--- What is needed ---
Every entry must be duplicated word for word.

[Start of Attachment]

lemma esign_cong:
  assumes "\<And>u. u \<in> verts E \<Longrightarrow> \<sigma> u = \<tau> u"
  shows "esign \<sigma> E = esign \<tau> E"
proof (cases "finite E")
  case True
  then have "map (emap \<sigma>) (sorted_list_of_set E) = map (emap \<tau>) (sorted_list_of_set E)"
    using assms by (intro map_cong) (auto simp: emap_def verts_def)
  then show ?thesis
    by (simp only: esign_def)
qed (simp add: esign_def)

lemma inj_on_emap:
  assumes "inj_on \<sigma> (verts E)" "E \<subseteq> increasing_pairs"
  shows "inj_on (emap \<sigma>) E"
proof (rule inj_onI)
  fix e e' assume e: "e \<in> E" "e' \<in> E" "emap \<sigma> e = emap \<sigma> e'"
  then have "{\<sigma> (fst e), \<sigma> (snd e)} = {\<sigma> (fst e'), \<sigma> (snd e')}"
    by (auto simp: emap_def min_def max_def split: if_splits)
  moreover have "fst e \<in> verts E" "snd e \<in> verts E" "fst e' \<in> verts E" "snd e' \<in> verts E"
    using e by (auto simp: verts_def)
  ultimately have "{fst e, snd e} = {fst e', snd e'}"
    using assms(1) by (auto simp: doubleton_eq_iff dest: inj_onD)
  moreover have "fst e < snd e" "fst e' < snd e'"
    using e assms(2) by (auto simp: increasing_pairs_def)
  ultimately show "e = e'"
    by (cases e; cases e') (auto simp: doubleton_eq_iff)
qed

lemma gact_increasing_pairs:
  assumes "inj_on \<sigma> (verts E)" "E \<subseteq> increasing_pairs"
  shows "gact \<sigma> E \<subseteq> increasing_pairs"
proof
  fix e' assume "e' \<in> gact \<sigma> E"
  then obtain e where e: "e \<in> E" "e' = emap \<sigma> e"
    by (auto simp: gact_def)
  then have "fst e \<in> verts E" "snd e \<in> verts E" "fst e \<noteq> snd e"
    using assms(2) by (auto simp: verts_def increasing_pairs_def)
  then have "\<sigma> (fst e) \<noteq> \<sigma> (snd e)"
    using assms(1) by (auto dest: inj_onD)
  then show "e' \<in> increasing_pairs"
    using e by (auto simp: emap_def increasing_pairs_def min_def max_def)
qed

[End of Attachment]

--- Solution to this exercise ---
lemma esign_cong:
  assumes "\<And>u. u \<in> verts E \<Longrightarrow> \<sigma> u = \<tau> u"
  shows "esign \<sigma> E = esign \<tau> E"
proof (cases "finite E")
  case True
  then have "map (emap \<sigma>) (sorted_list_of_set E) = map (emap \<tau>) (sorted_list_of_set E)"
    using assms by (intro map_cong) (auto simp: emap_def verts_def)
  then show ?thesis
    by (simp only: esign_def)
qed (simp add: esign_def)

lemma inj_on_emap:
  assumes "inj_on \<sigma> (verts E)" "E \<subseteq> increasing_pairs"
  shows "inj_on (emap \<sigma>) E"
proof (rule inj_onI)
  fix e e' assume e: "e \<in> E" "e' \<in> E" "emap \<sigma> e = emap \<sigma> e'"
  then have "{\<sigma> (fst e), \<sigma> (snd e)} = {\<sigma> (fst e'), \<sigma> (snd e')}"
    by (auto simp: emap_def min_def max_def split: if_splits)
  moreover have "fst e \<in> verts E" "snd e \<in> verts E" "fst e' \<in> verts E" "snd e' \<in> verts E"
    using e by (auto simp: verts_def)
  ultimately have "{fst e, snd e} = {fst e', snd e'}"
    using assms(1) by (auto simp: doubleton_eq_iff dest: inj_onD)
  moreover have "fst e < snd e" "fst e' < snd e'"
    using e assms(2) by (auto simp: increasing_pairs_def)
  ultimately show "e = e'"
    by (cases e; cases e') (auto simp: doubleton_eq_iff)
qed

lemma gact_increasing_pairs:
  assumes "inj_on \<sigma> (verts E)" "E \<subseteq> increasing_pairs"
  shows "gact \<sigma> E \<subseteq> increasing_pairs"
proof
  fix e' assume "e' \<in> gact \<sigma> E"
  then obtain e where e: "e \<in> E" "e' = emap \<sigma> e"
    by (auto simp: gact_def)
  then have "fst e \<in> verts E" "snd e \<in> verts E" "fst e \<noteq> snd e"
    using assms(2) by (auto simp: verts_def increasing_pairs_def)
  then have "\<sigma> (fst e) \<noteq> \<sigma> (snd e)"
    using assms(1) by (auto dest: inj_onD)
  then show "e' \<in> increasing_pairs"
    using e by (auto simp: emap_def increasing_pairs_def min_def max_def)
qed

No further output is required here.